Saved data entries
== Segment start ==

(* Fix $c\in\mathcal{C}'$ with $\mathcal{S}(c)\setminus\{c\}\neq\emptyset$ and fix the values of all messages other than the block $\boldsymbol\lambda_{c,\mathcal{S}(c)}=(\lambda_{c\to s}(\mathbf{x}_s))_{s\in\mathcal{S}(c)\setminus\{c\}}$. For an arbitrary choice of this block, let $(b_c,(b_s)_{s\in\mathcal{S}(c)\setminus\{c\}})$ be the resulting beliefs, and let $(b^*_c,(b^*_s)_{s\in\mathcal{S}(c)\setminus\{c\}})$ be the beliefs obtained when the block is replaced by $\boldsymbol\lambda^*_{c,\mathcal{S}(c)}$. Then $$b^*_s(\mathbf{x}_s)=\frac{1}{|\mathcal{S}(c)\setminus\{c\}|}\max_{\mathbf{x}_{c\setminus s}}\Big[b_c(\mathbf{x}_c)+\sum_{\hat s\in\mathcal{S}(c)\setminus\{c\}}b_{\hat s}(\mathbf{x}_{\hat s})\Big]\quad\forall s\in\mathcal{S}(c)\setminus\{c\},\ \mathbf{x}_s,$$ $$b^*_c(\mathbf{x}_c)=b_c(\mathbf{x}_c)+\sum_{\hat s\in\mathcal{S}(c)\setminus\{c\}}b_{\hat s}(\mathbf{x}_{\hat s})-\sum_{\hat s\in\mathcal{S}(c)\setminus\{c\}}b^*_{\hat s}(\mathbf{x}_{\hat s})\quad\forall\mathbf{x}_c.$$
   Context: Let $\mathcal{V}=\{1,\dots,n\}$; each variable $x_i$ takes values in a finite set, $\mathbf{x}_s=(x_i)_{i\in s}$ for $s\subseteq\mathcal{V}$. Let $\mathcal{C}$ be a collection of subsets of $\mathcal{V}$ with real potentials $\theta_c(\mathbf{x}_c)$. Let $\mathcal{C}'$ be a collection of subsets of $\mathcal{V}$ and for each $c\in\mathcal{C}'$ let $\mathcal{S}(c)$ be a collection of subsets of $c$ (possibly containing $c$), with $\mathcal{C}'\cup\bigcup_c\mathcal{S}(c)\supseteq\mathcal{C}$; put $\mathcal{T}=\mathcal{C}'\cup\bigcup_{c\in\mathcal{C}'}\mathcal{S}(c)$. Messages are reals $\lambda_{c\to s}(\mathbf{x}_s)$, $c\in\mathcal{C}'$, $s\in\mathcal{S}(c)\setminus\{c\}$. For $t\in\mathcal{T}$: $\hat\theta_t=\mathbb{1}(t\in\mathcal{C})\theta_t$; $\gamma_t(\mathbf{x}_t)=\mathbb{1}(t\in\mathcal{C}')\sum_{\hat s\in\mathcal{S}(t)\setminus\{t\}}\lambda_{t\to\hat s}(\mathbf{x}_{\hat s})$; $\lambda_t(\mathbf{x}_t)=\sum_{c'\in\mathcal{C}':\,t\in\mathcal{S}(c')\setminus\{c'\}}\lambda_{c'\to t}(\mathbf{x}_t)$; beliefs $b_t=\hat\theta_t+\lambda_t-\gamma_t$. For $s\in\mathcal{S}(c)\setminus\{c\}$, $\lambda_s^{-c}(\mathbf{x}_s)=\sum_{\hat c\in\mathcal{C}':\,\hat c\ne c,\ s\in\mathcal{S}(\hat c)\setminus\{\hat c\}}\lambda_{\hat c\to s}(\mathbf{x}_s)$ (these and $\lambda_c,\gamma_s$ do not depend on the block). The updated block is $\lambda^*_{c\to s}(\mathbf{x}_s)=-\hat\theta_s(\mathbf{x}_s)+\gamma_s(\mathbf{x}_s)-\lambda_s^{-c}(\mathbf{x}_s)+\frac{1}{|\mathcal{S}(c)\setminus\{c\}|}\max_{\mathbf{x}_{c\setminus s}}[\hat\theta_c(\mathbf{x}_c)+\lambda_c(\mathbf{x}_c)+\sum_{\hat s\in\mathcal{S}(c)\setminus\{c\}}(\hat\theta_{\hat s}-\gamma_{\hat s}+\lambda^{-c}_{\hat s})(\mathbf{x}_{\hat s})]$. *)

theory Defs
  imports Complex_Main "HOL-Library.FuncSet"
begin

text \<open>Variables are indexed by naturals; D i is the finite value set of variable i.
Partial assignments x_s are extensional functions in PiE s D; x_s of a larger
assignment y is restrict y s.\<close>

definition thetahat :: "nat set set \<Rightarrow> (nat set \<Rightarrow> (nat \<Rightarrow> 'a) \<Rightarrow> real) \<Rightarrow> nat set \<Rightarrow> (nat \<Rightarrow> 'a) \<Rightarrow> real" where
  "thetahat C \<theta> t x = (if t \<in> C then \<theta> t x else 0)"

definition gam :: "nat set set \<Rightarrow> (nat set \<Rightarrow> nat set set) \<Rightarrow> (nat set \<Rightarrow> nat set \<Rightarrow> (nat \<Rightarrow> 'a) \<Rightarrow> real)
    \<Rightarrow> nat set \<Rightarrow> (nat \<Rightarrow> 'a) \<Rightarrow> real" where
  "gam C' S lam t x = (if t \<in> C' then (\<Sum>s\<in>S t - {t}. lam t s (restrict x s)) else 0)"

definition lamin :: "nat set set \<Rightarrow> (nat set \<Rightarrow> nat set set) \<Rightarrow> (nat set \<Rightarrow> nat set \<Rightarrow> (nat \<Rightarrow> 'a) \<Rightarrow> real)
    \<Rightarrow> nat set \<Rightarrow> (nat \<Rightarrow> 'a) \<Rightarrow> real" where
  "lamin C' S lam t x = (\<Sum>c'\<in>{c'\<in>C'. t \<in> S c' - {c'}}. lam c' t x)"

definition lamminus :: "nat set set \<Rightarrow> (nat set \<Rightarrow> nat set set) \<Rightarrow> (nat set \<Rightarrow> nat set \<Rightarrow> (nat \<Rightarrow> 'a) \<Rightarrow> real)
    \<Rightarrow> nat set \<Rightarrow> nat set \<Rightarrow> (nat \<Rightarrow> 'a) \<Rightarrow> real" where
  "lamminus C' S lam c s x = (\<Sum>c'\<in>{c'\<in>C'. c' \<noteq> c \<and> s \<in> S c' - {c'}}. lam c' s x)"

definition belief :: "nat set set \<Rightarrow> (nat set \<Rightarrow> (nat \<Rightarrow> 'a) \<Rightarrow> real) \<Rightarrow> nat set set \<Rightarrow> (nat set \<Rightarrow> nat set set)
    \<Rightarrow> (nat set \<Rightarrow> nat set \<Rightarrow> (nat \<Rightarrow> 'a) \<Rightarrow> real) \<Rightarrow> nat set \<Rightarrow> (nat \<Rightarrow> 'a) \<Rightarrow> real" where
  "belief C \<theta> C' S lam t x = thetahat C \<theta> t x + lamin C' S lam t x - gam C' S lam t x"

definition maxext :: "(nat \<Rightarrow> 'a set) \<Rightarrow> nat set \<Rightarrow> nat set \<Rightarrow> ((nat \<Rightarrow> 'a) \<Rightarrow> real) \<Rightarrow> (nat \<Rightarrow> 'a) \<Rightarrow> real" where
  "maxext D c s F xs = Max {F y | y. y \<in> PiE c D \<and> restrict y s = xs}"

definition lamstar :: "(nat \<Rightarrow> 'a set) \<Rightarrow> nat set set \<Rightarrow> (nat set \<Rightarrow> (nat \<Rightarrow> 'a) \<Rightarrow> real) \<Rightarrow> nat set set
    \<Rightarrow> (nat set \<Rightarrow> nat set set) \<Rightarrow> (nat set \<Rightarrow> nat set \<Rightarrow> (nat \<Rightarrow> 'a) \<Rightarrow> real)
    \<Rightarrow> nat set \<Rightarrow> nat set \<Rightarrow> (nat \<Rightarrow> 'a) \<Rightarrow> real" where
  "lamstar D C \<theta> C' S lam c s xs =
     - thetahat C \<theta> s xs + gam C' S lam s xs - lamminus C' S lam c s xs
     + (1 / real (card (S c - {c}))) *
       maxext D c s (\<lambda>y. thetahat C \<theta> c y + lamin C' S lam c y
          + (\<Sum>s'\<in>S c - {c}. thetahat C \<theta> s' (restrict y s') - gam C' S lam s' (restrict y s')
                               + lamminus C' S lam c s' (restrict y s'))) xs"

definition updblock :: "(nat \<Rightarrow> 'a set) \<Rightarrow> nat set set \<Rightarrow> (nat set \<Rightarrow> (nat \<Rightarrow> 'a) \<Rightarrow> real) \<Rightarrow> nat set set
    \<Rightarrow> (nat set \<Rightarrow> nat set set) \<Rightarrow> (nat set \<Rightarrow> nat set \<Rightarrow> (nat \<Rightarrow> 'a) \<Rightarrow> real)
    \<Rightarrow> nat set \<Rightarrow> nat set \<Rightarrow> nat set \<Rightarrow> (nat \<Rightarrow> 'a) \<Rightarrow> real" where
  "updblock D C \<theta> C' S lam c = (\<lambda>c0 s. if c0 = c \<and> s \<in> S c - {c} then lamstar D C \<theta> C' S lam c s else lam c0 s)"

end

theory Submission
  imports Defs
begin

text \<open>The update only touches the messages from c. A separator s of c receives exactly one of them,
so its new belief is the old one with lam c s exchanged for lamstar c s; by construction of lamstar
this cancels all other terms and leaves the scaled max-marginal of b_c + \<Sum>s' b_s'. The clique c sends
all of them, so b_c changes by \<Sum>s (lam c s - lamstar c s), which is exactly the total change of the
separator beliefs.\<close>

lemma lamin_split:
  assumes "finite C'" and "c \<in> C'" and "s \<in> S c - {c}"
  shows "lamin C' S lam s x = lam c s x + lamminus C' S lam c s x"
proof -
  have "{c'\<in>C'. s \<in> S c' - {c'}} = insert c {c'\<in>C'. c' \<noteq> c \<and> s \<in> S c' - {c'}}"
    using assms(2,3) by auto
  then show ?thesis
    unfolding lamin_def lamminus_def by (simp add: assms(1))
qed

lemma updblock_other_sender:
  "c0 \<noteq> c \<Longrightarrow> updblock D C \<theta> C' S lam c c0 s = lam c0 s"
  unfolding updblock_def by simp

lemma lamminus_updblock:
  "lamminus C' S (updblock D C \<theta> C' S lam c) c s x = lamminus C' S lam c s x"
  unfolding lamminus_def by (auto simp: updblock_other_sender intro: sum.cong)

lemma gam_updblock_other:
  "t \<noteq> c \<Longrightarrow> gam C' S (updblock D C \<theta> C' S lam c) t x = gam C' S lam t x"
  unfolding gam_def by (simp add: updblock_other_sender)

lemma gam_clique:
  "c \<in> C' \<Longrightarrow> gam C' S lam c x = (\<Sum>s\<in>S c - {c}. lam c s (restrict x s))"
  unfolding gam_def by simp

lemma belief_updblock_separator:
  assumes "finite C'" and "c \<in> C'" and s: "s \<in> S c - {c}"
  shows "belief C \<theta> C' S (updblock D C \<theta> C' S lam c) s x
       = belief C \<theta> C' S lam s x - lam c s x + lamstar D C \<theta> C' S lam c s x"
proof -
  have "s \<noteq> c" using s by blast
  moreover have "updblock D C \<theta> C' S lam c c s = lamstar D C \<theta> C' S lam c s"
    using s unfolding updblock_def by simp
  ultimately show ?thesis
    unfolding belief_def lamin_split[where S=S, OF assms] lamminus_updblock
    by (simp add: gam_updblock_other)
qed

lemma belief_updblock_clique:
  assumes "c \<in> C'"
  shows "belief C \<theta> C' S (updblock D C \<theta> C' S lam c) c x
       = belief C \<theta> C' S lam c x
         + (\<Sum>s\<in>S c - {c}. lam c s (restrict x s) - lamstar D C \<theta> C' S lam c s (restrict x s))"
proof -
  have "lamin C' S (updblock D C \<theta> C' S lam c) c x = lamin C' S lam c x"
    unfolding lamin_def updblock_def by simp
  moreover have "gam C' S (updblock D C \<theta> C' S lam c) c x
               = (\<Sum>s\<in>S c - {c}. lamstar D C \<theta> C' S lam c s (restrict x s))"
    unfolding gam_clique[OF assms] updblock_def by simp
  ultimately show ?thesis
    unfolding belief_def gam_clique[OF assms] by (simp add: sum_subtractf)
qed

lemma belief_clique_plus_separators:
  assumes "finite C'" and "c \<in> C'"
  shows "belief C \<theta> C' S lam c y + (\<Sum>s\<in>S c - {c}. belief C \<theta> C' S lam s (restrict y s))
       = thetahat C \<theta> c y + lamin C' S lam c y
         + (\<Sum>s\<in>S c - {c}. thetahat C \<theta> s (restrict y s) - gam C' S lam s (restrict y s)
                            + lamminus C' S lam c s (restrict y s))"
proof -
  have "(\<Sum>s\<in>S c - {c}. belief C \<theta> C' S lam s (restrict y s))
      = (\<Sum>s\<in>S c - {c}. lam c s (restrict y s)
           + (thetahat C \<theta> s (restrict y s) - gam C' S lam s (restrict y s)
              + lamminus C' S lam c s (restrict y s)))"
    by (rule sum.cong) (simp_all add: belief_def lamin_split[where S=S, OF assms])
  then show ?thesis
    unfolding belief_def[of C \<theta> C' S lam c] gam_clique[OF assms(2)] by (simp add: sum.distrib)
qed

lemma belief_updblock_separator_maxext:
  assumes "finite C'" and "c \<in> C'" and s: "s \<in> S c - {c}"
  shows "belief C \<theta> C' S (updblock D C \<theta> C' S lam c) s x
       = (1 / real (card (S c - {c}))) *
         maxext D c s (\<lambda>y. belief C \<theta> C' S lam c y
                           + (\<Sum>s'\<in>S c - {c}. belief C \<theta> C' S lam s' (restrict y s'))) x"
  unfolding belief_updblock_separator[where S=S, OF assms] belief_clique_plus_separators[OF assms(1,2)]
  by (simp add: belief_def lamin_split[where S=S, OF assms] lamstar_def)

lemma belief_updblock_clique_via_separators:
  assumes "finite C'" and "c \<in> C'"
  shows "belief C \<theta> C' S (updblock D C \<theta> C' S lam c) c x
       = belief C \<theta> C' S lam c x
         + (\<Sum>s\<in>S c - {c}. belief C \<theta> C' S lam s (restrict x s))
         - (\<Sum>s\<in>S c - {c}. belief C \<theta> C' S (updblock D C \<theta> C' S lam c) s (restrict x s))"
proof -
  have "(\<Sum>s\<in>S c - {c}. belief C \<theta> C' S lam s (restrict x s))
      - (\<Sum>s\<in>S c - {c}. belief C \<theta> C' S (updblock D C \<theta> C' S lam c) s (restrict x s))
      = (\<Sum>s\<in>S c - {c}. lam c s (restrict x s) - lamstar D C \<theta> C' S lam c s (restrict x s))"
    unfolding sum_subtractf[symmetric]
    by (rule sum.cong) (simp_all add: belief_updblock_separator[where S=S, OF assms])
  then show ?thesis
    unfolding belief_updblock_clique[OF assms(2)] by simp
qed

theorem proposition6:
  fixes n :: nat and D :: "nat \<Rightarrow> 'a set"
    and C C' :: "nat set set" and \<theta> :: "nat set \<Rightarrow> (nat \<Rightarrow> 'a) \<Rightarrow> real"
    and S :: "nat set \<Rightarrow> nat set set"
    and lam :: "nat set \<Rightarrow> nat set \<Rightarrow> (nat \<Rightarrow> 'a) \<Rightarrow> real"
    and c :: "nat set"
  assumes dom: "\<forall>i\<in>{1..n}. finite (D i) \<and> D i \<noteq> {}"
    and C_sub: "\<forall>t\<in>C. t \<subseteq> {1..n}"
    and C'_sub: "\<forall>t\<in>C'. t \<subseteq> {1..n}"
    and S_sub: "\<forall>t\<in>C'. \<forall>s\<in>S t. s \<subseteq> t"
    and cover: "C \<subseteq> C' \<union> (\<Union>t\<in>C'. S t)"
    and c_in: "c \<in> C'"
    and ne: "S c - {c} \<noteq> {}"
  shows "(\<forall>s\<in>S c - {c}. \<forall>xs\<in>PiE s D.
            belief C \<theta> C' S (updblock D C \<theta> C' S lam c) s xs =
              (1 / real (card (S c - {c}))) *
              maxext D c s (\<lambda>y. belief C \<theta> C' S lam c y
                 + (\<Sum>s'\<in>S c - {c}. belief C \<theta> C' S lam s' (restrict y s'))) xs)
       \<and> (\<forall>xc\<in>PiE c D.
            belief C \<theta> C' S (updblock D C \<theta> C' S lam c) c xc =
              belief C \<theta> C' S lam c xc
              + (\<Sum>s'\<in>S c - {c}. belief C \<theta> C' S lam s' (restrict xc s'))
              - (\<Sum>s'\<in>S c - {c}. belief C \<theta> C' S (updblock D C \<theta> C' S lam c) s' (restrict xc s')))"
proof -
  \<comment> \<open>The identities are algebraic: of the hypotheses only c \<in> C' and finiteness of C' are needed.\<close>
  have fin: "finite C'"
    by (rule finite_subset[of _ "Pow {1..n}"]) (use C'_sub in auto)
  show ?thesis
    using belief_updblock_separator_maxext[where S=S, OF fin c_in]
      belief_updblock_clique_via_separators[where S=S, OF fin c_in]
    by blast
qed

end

== Segment end ==
== Segment start ==

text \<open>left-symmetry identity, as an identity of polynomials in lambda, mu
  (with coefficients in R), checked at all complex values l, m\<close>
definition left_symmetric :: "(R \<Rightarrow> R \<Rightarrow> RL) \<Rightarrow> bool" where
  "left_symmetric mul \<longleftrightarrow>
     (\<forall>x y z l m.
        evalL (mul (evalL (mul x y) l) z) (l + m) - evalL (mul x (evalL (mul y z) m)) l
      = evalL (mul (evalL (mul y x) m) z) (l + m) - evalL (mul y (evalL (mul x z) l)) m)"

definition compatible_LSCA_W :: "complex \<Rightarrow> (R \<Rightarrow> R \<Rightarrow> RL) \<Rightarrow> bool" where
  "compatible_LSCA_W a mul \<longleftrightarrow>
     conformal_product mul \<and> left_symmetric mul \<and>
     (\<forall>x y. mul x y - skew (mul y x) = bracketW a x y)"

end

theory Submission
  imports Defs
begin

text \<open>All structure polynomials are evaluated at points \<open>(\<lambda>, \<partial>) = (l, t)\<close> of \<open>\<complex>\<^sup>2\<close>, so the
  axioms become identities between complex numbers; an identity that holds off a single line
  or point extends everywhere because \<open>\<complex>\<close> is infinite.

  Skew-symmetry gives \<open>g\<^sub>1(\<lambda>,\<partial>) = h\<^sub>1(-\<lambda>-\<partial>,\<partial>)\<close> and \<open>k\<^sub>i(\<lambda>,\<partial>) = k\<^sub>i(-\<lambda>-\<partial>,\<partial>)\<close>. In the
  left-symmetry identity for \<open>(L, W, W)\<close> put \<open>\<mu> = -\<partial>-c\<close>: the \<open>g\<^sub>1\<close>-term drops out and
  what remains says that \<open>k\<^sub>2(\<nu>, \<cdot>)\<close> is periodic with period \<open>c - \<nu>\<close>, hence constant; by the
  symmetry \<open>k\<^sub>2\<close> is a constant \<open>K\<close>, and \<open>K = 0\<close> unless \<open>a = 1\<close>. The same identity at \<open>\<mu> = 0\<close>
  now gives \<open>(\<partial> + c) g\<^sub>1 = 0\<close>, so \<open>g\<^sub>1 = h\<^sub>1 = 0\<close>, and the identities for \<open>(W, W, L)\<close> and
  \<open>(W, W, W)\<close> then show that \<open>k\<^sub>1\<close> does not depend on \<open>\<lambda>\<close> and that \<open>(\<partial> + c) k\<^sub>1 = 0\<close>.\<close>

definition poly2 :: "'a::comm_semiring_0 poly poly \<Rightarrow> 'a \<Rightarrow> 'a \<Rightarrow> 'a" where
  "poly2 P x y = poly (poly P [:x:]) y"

== Segment end ==
== Segment start ==

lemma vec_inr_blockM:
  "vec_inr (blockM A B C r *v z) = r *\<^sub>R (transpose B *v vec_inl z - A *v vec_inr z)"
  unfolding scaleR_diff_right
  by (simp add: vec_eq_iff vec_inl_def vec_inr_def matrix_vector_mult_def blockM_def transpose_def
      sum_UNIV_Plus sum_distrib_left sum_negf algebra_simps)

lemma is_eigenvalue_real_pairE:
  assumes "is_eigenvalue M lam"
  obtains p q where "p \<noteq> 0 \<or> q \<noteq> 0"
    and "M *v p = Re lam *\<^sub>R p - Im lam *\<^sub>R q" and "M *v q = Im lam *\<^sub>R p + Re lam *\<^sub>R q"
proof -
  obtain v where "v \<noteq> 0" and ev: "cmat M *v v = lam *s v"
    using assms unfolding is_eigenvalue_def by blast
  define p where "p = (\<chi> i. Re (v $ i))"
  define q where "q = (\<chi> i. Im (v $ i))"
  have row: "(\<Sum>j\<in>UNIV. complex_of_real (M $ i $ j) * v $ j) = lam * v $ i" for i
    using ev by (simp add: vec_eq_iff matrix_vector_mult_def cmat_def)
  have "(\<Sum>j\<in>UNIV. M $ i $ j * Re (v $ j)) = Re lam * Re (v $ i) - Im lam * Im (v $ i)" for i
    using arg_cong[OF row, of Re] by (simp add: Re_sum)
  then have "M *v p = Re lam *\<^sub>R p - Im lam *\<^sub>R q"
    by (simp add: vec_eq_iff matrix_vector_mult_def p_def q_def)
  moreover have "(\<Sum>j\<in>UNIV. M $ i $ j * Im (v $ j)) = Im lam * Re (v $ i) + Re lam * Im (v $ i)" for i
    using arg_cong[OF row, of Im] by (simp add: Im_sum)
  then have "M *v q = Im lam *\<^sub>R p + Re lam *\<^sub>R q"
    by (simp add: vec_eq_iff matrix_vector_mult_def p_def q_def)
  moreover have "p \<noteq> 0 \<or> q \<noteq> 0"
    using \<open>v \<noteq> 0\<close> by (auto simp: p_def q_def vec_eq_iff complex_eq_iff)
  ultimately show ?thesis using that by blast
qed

== Segment end ==

**AIM OF THE TASK:**
Go through the data above and copy each line in which "bool" appears.

**SOLUTION TO THE EXERCISE:**
definition left_symmetric :: "(R \<Rightarrow> R \<Rightarrow> RL) \<Rightarrow> bool" where
definition compatible_LSCA_W :: "complex \<Rightarrow> (R \<Rightarrow> R \<Rightarrow> RL) \<Rightarrow> bool" where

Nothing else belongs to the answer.